Activity:
Print the lines of the data, starting with the first, up to and including the line where "continuous_on UNIV Lam'" appears.

[Stored items]
# # #

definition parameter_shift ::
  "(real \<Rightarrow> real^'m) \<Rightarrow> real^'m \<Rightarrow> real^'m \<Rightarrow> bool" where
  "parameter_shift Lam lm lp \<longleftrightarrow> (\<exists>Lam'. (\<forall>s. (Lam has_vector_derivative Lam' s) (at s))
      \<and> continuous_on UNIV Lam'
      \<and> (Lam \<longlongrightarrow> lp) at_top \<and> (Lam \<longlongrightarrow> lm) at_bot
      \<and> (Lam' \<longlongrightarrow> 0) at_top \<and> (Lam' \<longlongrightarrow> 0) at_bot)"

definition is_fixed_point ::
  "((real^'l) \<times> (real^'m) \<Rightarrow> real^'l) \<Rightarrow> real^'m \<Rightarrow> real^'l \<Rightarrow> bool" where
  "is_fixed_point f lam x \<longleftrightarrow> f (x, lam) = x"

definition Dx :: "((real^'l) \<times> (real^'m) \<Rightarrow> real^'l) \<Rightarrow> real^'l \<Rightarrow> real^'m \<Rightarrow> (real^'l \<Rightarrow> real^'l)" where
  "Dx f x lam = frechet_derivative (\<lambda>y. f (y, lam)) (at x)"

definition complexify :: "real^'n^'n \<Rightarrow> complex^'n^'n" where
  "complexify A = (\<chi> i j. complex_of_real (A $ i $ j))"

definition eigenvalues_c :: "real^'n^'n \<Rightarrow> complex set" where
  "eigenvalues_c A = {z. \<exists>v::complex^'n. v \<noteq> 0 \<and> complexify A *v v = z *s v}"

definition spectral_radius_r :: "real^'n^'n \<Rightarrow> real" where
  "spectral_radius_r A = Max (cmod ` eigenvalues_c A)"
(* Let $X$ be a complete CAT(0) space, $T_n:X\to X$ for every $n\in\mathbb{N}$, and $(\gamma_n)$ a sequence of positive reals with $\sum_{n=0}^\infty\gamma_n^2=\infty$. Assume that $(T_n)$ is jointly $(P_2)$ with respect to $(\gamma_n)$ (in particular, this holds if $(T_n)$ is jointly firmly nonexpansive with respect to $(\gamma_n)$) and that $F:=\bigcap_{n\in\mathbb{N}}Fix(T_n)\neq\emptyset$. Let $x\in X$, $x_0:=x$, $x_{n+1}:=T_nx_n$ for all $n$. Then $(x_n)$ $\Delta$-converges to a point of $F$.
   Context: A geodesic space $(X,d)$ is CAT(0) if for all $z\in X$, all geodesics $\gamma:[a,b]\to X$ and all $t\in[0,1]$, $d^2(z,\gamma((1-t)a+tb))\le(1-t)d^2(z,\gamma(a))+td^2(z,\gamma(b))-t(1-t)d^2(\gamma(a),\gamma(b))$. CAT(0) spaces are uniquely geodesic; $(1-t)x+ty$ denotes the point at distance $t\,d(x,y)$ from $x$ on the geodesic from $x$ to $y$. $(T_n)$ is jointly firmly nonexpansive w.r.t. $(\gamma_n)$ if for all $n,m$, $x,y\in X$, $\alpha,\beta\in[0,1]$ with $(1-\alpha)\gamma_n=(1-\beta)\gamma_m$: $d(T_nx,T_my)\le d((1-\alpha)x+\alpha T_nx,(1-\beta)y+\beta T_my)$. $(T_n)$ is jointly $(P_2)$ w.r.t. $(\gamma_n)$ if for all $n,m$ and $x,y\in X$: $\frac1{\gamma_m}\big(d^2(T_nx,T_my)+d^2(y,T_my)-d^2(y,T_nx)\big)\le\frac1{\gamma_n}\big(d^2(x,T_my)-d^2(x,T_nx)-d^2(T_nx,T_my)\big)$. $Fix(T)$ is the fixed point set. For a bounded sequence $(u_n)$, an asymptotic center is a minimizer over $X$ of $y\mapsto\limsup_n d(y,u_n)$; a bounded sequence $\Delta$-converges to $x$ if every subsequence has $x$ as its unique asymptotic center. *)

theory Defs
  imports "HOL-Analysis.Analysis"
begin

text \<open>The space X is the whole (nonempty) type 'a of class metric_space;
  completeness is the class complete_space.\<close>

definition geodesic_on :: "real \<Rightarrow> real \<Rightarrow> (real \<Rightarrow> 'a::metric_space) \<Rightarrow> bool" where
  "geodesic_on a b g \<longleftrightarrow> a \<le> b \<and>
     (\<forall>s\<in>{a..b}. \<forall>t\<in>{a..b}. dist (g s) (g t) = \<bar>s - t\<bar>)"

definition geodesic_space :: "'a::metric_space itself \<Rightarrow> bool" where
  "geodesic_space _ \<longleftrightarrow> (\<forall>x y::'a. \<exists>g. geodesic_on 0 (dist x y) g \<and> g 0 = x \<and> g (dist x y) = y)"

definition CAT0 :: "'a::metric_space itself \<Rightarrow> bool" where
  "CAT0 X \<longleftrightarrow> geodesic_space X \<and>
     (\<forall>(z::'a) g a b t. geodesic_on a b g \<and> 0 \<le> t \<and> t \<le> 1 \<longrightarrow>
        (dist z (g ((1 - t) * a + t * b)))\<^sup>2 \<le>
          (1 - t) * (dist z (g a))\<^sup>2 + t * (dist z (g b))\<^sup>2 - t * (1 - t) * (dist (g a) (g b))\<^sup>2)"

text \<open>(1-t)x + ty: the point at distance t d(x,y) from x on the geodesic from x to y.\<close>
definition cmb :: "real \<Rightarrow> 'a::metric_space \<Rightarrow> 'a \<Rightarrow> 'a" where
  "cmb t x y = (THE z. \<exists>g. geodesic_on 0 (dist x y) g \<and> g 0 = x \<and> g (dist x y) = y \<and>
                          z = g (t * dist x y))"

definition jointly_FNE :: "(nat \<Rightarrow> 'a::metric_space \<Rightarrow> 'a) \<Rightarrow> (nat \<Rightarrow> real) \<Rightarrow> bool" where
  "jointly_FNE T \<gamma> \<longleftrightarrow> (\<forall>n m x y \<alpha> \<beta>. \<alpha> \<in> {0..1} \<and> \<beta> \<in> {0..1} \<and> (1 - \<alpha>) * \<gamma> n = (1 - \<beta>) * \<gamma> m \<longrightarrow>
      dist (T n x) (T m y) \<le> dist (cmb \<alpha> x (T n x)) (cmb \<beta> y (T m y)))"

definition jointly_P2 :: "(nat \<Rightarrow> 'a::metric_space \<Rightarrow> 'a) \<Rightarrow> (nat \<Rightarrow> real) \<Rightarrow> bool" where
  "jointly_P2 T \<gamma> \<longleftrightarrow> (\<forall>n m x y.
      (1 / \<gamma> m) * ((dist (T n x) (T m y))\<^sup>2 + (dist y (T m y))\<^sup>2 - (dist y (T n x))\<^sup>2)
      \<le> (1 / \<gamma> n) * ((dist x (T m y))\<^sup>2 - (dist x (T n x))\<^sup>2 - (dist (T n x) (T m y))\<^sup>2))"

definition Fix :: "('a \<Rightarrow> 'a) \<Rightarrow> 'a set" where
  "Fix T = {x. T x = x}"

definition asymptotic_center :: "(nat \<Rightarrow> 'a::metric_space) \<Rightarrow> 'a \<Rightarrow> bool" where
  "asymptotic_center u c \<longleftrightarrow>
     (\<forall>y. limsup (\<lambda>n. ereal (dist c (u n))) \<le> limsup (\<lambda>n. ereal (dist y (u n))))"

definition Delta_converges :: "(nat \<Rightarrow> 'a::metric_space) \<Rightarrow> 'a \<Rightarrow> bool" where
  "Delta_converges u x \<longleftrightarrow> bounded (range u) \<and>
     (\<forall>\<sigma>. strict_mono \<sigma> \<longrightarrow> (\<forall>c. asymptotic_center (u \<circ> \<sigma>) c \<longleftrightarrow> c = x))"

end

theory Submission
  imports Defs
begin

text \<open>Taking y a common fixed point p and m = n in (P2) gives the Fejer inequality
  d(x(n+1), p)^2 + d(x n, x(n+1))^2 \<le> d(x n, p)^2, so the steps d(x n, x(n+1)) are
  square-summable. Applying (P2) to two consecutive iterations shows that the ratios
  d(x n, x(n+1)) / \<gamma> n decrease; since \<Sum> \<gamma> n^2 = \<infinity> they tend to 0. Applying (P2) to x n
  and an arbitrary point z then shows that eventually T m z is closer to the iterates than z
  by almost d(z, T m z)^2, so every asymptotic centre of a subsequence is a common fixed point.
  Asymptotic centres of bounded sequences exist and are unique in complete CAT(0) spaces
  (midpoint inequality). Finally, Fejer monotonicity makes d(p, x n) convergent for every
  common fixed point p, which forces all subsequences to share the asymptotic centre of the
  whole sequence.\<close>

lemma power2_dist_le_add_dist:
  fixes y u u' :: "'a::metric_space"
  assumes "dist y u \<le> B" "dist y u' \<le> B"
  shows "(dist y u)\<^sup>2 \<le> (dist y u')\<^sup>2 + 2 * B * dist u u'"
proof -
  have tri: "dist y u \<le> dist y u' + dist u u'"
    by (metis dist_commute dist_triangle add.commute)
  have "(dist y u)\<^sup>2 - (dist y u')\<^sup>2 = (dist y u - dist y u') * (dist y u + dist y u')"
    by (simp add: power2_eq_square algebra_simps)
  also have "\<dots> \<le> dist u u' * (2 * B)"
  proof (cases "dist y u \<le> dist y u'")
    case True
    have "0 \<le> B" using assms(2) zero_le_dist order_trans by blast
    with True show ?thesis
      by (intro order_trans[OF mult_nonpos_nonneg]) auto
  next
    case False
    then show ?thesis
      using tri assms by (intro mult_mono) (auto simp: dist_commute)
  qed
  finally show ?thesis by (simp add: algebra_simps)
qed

# # #

Answer section:
definition parameter_shift ::
  "(real \<Rightarrow> real^'m) \<Rightarrow> real^'m \<Rightarrow> real^'m \<Rightarrow> bool" where
  "parameter_shift Lam lm lp \<longleftrightarrow> (\<exists>Lam'. (\<forall>s. (Lam has_vector_derivative Lam' s) (at s))
      \<and> continuous_on UNIV Lam'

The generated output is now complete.